2. Define VMs in the `vms` map (name, cores, memory, disk size, `ipconfig0`, optional `vlan_tag`). Disks default to the `proxmox-tank-1` ZFS pool.
3. Run `tofu init`, `tofu plan -var-file=terraform.tfvars`, and `tofu apply -var-file=terraform.tfvars`.
* Each VM is cloned from the `debian-13-cloud-init` template (VMID 9001), attaches to `vmbr0`, and boots with qemu-guest-agent + your keys injected via cloud-init.

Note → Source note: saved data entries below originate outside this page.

text \<open>The division ring 'a, with the C-algebra structure given by the central ring
  homomorphism iota and elements x, y, is the free skew field C<(x,y)>:
  it is generated by C, x, y as a division ring, and (Cohn's characterisation of the
  universal field of fractions of the fir C<x,y>) every full matrix over the free
  algebra C<x,y> becomes invertible under evaluation.\<close>

definition free_skew_field :: "(complex \<Rightarrow> 'a::division_ring) \<Rightarrow> 'a \<Rightarrow> 'a \<Rightarrow> bool" where
  "free_skew_field \<iota> x y \<longleftrightarrow>
     (\<forall>a b. \<iota> (a + b) = \<iota> a + \<iota> b) \<and> (\<forall>a b. \<iota> (a * b) = \<iota> a * \<iota> b) \<and> \<iota> 1 = 1 \<and>
     (\<forall>a z. \<iota> a * z = z * \<iota> a) \<and>
     division_closure (range \<iota> \<union> {x, y}) = UNIV \<and>
     (\<forall>n A. (\<forall>i<n. \<forall>j<n. is_ncpoly (A i j)) \<longrightarrow> full_matrix n A \<longrightarrow>
        invertible_over n (\<lambda>i j. nceval \<iota> x y (A i j)))"

text \<open>Motzkin paths of height at most 1 from (0,0) to (n,0), given by their list of
  heights h_0, ..., h_n.\<close>

definition motzkin1_paths :: "nat \<Rightarrow> nat list set" where
  "motzkin1_paths n = {h. length h = n + 1 \<and> set h \<subseteq> {0, 1} \<and> h ! 0 = 0 \<and> h ! n = 0}"

definition step_weight :: "'a \<Rightarrow> 'a \<Rightarrow> 'a \<Rightarrow> 'a \<Rightarrow> nat \<Rightarrow> nat \<Rightarrow> 'a" where
  "step_weight w00 w01 w10 w11 a b =
     (if a = 0 then (if b = 0 then w00 else w01) else (if b = 0 then w10 else w11))"

definition path_weight :: "'a::monoid_mult \<Rightarrow> 'a \<Rightarrow> 'a \<Rightarrow> nat list \<Rightarrow> 'a" where
  "path_weight y1 y2 y3 h =
     prod_list (map (\<lambda>i. step_weight y1 1 y2 y3 (h ! i) (h ! (i + 1))) [0..<length h - 1])"

end

theory Submission
  imports Defs
begin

Updates to the tfvars map let you grow/shrink the fleet with a single `tofu apply`.
## General prep for all machines
### Set up Infrastructure Secrets
* Create `ansible/infra_secrets.yml` based on the example file:
```bash
cp ansible/infra_secrets.yml.example ansible/infra_secrets.yml
```
* Edit `ansible/infra_secrets.yml` and add your Uptime Kuma credentials:
```yaml
uptime_kuma_username: "admin"
uptime_kuma_password: "your_password"
```
* **Important**: Never commit this file to version control (it's in `.gitignore`)
## GPG Keys
Some of the backups are stored encrypted for security. To allow this, fill in the gpg variables listed in `example.inventory.ini` under the `lapy` block.